A non-transitory computer readable storage medium having instructions therein which, when executed by a processor of an electronic device, enable the electronic device to perform a method of speech decompression, the method comprising: acquiring compressed voice data; and carrying out frequency domain decompression and/or time domain decompression on the compressed voice data according to the decoding neural network to obtain decompressed voice data.
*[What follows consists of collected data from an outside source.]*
(* Let $\alpha,t,n$ be positive integers and let $\mathcal{C}_W$ be a binary $t$-write WOM code on $n$ cells with encoders $\mathcal{E}^W_1,\ldots,\mathcal{E}^W_t$ and sum-rate $R_{\mathrm{sum}}$. Define the code $\mathcal{C}_{\alpha,1,1}$ on $n$ cells, starting from $\mathbf{c}_0=\mathbf{0}$, as follows: for the $i$-th write ($i\ge1$) let $i'=i\bmod 2(t+\alpha)\in\{1,\ldots,2(t+\alpha)\}$ and let $\mathbf{c}_i$ be the state after the $i$-th write. If $i'\in[1:t]$, a message $M\in[1:2^{nR_{i'}}]$ is written by $\mathbf{c}_i=\mathcal{E}^W_{i'}(M,\mathbf{c}_{i-1})$; if $i'=t+1$, no information is written and $\mathbf{c}_i=\mathbf{1}$ (all-one vector); if $i'\in[t+2:t+\alpha]$, no information is written and $\mathbf{c}_i=\mathbf{c}_{i-1}$; if $i'\in[t+\alpha+1:2t+\alpha]$, a message $M\in[1:2^{nR_{i'-t-\alpha}}]$ is written by $\mathbf{c}_i=\overline{\mathcal{E}^W_{i'-t-\alpha}(M,\overline{\mathbf{c}_{i-1}})}$; if $i'=2t+\alpha+1$, no information is written and $\mathbf{c}_i=\mathbf{0}$; if $i'\in[2t+\alpha+2:2(t+\alpha)]$, no information is written and $\mathbf{c}_i=\mathbf{c}_{i-1}$. Then $\mathcal{C}_{\alpha,1,1}$ is an $(\alpha,1,1)$-constrained code, and if $R_{\mathrm{sum}}=\log_2(t+1)$ (i.e. $\mathcal{C}_W$ is sum-rate optimal), then the rate of $\mathcal{C}_{\alpha,1,1}$ is $\frac{\log_2(t+1)}{t+\alpha}$.
   Context: Convention: $x\bmod y$ is taken in $\{1,\ldots,y\}$; $[a:b]=\{a,\ldots,b\}$; $[1:2^{nR}]=\{1,\ldots,\lfloor2^{nR}\rfloor\}$; $\overline{\mathbf{u}}$ is the bitwise complement. A binary $t$-write WOM (write-once memory) code $[n,t;2^{nR_1},\ldots,2^{nR_t}]$ consists of encoders $\mathcal{E}^W_j:[1:2^{nR_j}]\times\{0,1\}^n\to\{0,1\}^n$ and decoders $\mathcal{D}^W_j:\{0,1\}^n\to[1:2^{nR_j}]$, $j=1,\ldots,t$, such that $\mathbf{c}\le\mathcal{E}^W_j(m,\mathbf{c})$ componentwise (cells only change from 0 to 1) and $\mathcal{D}^W_j(\mathcal{E}^W_j(m,\mathbf{c}))=m$; its sum-rate is $R_{\mathrm{sum}}=\sum_{j=1}^tR_j$. A code on $n$ binary cells consists, for each write $i\ge1$, of a real $R_i\ge0$, an encoder $\mathcal{E}_i:[1:2^{nR_i}]\times\{0,1\}^n\to\{0,1\}^n$ and decoder $\mathcal{D}_i$ with $\mathcal{D}_i(\mathcal{E}_i(m,\mathbf{u}))=m$ (both may depend on $i$; writes with no information have one message, $R_i=0$). Starting from the zero state, messages produce states $\mathbf{v}_i$. The code is $(\alpha,\beta,p)$-constrained if for every message sequence, every $i\ge0$ and every $1\le j\le n-\beta+1$, $|\{(k,\ell): v_{i+k,j+\ell}\ne v_{i+k+1,j+\ell}, 0\le k<\alpha, 0\le\ell<\beta\}|\le p$. Rate: $\lim_{m\to\infty}\frac1m\sum_{i=1}^mR_i$. *)

theory Defs
  imports Complex_Main
begin

text \<open>Cell states on n binary cells are boolean lists of length n (False = 0, True = 1).
  Bit positions are 0-indexed in the list.\<close>

definition msgs :: "nat \<Rightarrow> real \<Rightarrow> nat set" where
  "msgs n R = {1 .. nat \<lfloor>2 powr (real n * R)\<rfloor>}"

fun wom_before :: "nat \<Rightarrow> (nat \<Rightarrow> real) \<Rightarrow> (nat \<Rightarrow> nat \<Rightarrow> bool list \<Rightarrow> bool list)
                     \<Rightarrow> nat \<Rightarrow> bool list set" where
  "wom_before n R E 0 = {replicate n False}"
| "wom_before n R E (Suc j) =
     {E (Suc j) m c | m c. m \<in> msgs n (R (Suc j)) \<and> c \<in> wom_before n R E j}"

definition wom_code :: "nat \<Rightarrow> nat \<Rightarrow> (nat \<Rightarrow> real) \<Rightarrow> (nat \<Rightarrow> nat \<Rightarrow> bool list \<Rightarrow> bool list)
                         \<Rightarrow> (nat \<Rightarrow> bool list \<Rightarrow> nat) \<Rightarrow> bool" where
  "wom_code n t R E D \<longleftrightarrow>
     (\<forall>j\<in>{1..t}. R j \<ge> 0 \<and>
        (\<forall>m\<in>msgs n (R j). \<forall>c\<in>wom_before n R E (j - 1).
            list_all2 (\<le>) c (E j m c) \<and> D j (E j m c) = m))"

definition sum_rate :: "nat \<Rightarrow> (nat \<Rightarrow> real) \<Rightarrow> real" where
  "sum_rate t R = (\<Sum>j=1..t. R j)"

primrec code_state :: "nat \<Rightarrow> (nat \<Rightarrow> nat \<Rightarrow> bool list \<Rightarrow> bool list) \<Rightarrow> (nat \<Rightarrow> nat)
                        \<Rightarrow> nat \<Rightarrow> bool list" where
  "code_state n E ms 0 = replicate n False"
| "code_state n E ms (Suc i) = E (Suc i) (ms (Suc i)) (code_state n E ms i)"

definition valid_msgs :: "nat \<Rightarrow> (nat \<Rightarrow> real) \<Rightarrow> (nat \<Rightarrow> nat) \<Rightarrow> bool" where
  "valid_msgs n R ms \<longleftrightarrow> (\<forall>i\<ge>1. ms i \<in> msgs n (R i))"

definition is_code :: "nat \<Rightarrow> (nat \<Rightarrow> real) \<Rightarrow> (nat \<Rightarrow> nat \<Rightarrow> bool list \<Rightarrow> bool list)
                        \<Rightarrow> (nat \<Rightarrow> bool list \<Rightarrow> nat) \<Rightarrow> bool" where
  "is_code n R E D \<longleftrightarrow> (\<forall>i\<ge>1. R i \<ge> 0) \<and>
     (\<forall>ms. valid_msgs n R ms \<longrightarrow>
        (\<forall>i\<ge>1. length (code_state n E ms i) = n \<and> D i (code_state n E ms i) = ms i))"

text \<open>(alpha,beta,p)-constrained code; cell j (1-indexed) is list position j - 1.\<close>
definition constrained_code :: "nat \<Rightarrow> (nat \<Rightarrow> real) \<Rightarrow> (nat \<Rightarrow> nat \<Rightarrow> bool list \<Rightarrow> bool list)
       \<Rightarrow> (nat \<Rightarrow> bool list \<Rightarrow> nat) \<Rightarrow> nat \<Rightarrow> nat \<Rightarrow> nat \<Rightarrow> bool" where
  "constrained_code n R E D \<alpha> \<beta> p \<longleftrightarrow> is_code n R E D \<and>
     (\<forall>ms. valid_msgs n R ms \<longrightarrow>
        (\<forall>i j. 1 \<le> j \<and> j + \<beta> \<le> n + 1 \<longrightarrow>
           card {(k, l). k < \<alpha> \<and> l < \<beta> \<and>
                  code_state n E ms (i + k) ! (j + l - 1) \<noteq> code_state n E ms (i + k + 1) ! (j + l - 1)}
           \<le> p))"

definition code_rate :: "(nat \<Rightarrow> real) \<Rightarrow> real \<Rightarrow> bool" where
  "code_rate R L \<longleftrightarrow> (\<lambda>m. (\<Sum>i=1..m. R i) / real m) \<longlonglongrightarrow> L"

definition cidx :: "nat \<Rightarrow> nat \<Rightarrow> nat \<Rightarrow> nat" where
  "cidx t \<alpha> i = (if i mod (2 * (t + \<alpha>)) = 0 then 2 * (t + \<alpha>) else i mod (2 * (t + \<alpha>)))"

definition constr_R :: "nat \<Rightarrow> nat \<Rightarrow> (nat \<Rightarrow> real) \<Rightarrow> nat \<Rightarrow> real" where
  "constr_R t \<alpha> R i = (let i' = cidx t \<alpha> i in
     if 1 \<le> i' \<and> i' \<le> t then R i'
     else if t + \<alpha> + 1 \<le> i' \<and> i' \<le> 2 * t + \<alpha> then R (i' - t - \<alpha>)
     else 0)"

definition constr_E :: "nat \<Rightarrow> nat \<Rightarrow> nat \<Rightarrow> (nat \<Rightarrow> nat \<Rightarrow> bool list \<Rightarrow> bool list)
                          \<Rightarrow> nat \<Rightarrow> nat \<Rightarrow> bool list \<Rightarrow> bool list" where
  "constr_E n t \<alpha> E i m u = (let i' = cidx t \<alpha> i in
     if 1 \<le> i' \<and> i' \<le> t then E i' m u
     else if i' = t + 1 then replicate n True
     else if t + 2 \<le> i' \<and> i' \<le> t + \<alpha> then u
     else if t + \<alpha> + 1 \<le> i' \<and> i' \<le> 2 * t + \<alpha> then map Not (E (i' - t - \<alpha>) m (map Not u))
     else if i' = 2 * t + \<alpha> + 1 then replicate n False
     else u)"

definition constr_D :: "nat \<Rightarrow> nat \<Rightarrow> (nat \<Rightarrow> bool list \<Rightarrow> nat) \<Rightarrow> nat \<Rightarrow> bool list \<Rightarrow> nat" where
  "constr_D t \<alpha> D i v = (let i' = cidx t \<alpha> i in
     if 1 \<le> i' \<and> i' \<le> t then D i' v
     else if t + \<alpha> + 1 \<le> i' \<and> i' \<le> 2 * t + \<alpha> then D (i' - t - \<alpha>) (map Not v)
     else 1)"

end

theory Submission
  imports Defs
begin

text \<open>Within a cycle of \<open>2(t + \<alpha>)\<close> writes the cells can only rise during the first
  \<open>t + \<alpha>\<close> writes (WOM writes, all cells set to 1, idle writes) and only fall during the
  last \<open>t + \<alpha>\<close> (complemented WOM writes, reset to 0, idle writes). A cell can only change at
  cyclic index at most \<open>t + 1\<close>, resp. between \<open>t + \<alpha> + 1\<close> and \<open>2t + \<alpha> + 1\<close>, so the
  following \<open>\<alpha> - 1\<close> writes stay in the same half and cannot undo the change: no cell changes
  twice within \<open>\<alpha>\<close> consecutive writes. The rates are periodic and sum to \<open>2 R_sum\<close> over a
  period, so their running average tends to \<open>R_sum / (t + \<alpha>)\<close>.\<close>

lemma periodic_average_tendsto:
  fixes f :: "nat \<Rightarrow> real"
  assumes P: "0 < P" and periodic: "\<And>i. f (i + P) = f i"
  shows "(\<lambda>m. (\<Sum>i=1..m. f i) / real m) \<longlonglongrightarrow> (\<Sum>i=1..P. f i) / real P"
proof -
  define L where "L = (\<Sum>i=1..P. f i) / real P"
  define e where "e m = (\<Sum>i=1..m. f i) - real m * L" for m
  have sum_add_period: "(\<Sum>i=1..m + P. f i) = (\<Sum>i=1..m. f i) + (\<Sum>i=1..P. f i)" for m
  proof (induction m)
    case (Suc m)
    then show ?case using periodic[of "Suc m"] by simp
  qed simp
  have "real P * L = (\<Sum>i=1..P. f i)" using P by (simp add: L_def)
  then have e_shift: "e (m + P) = e m" for m
    using sum_add_period[of m] by (simp add: e_def algebra_simps)
  have e_periodic: "e (r + q * P) = e r" for q r
  proof (induction q)
    case (Suc q)
    then show ?case using e_shift[of "r + q * P"] by (simp add: ac_simps)
  qed simp
  define B where "B = (\<Sum>r<P. \<bar>e r\<bar>)"
  have e_bounded: "\<bar>e m\<bar> \<le> B" for m
  proof -
    have "e m = e (m mod P)" using e_periodic[of "m mod P" "m div P"] by simp
    also have "\<bar>\<dots>\<bar> \<le> B" unfolding B_def by (rule member_le_sum) (use P in auto)
    finally show ?thesis .
  qed
  have "(\<lambda>m. e m / real m) \<longlonglongrightarrow> 0"
  proof (rule tendsto_0_le[OF lim_1_over_n, where K = B])
    show "\<forall>\<^sub>F m in sequentially. norm (e m / real m) \<le> norm (1 / real m :: real) * B"
      using e_bounded by (intro always_eventually) (simp add: divide_simps)
  qed
  then have "(\<lambda>m. L + e m / real m) \<longlonglongrightarrow> L"
    using tendsto_add[of "\<lambda>_. L" L] by fastforce
  moreover have "\<forall>\<^sub>F m in sequentially. L + e m / real m = (\<Sum>i=1..m. f i) / real m"
    by (rule eventually_sequentiallyI[of 1]) (simp add: e_def field_simps)
  ultimately show ?thesis
    unfolding L_def by (rule Lim_transform_eventually)
qed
Fig. 11 is a schematic structural diagram of an electronic device 1100 for speech compression and decompression according to another exemplary embodiment of the present invention. The electronic device 1100 may be a server, which may vary widely due to configuration or performance, and may include one or more Central Processing Units (CPUs) 1122 (e.g., one or more processors) and memory 1132, one or more storage media 1130 (e.g., one or more mass storage devices) storing applications 1142 or data 1144. Memory 1132 and storage media 1130 may be, among other things, transient storage or persistent storage. The program stored on the storage medium 1130 may include one or more modules (not shown), each of which may include a series of instruction operations for the server. Still further, the central processor 1122 may be provided in communication with the storage medium 1130 to execute a series of instruction operations in the storage medium 1130 on the server.

The server may also include one or more power supplies 1126, one or more wired or wireless network interfaces 1150, one or more input-output interfaces 1158, one or more keyboards 1156, and/or one or more operating systems 1141, such as Windows Server, Mac OS XTM, UnixTM, LinuxTM, FreeBSDTM, etc.

An electronic device for speech compression comprising a memory, and one or more programs, wherein the one or more programs are stored in the memory and configured for execution by one or more processors the one or more programs including instructions for: acquiring original voice data; and carrying out frequency domain compression and/or time domain compression on the original voice data according to the coding neural network to obtain compressed voice data.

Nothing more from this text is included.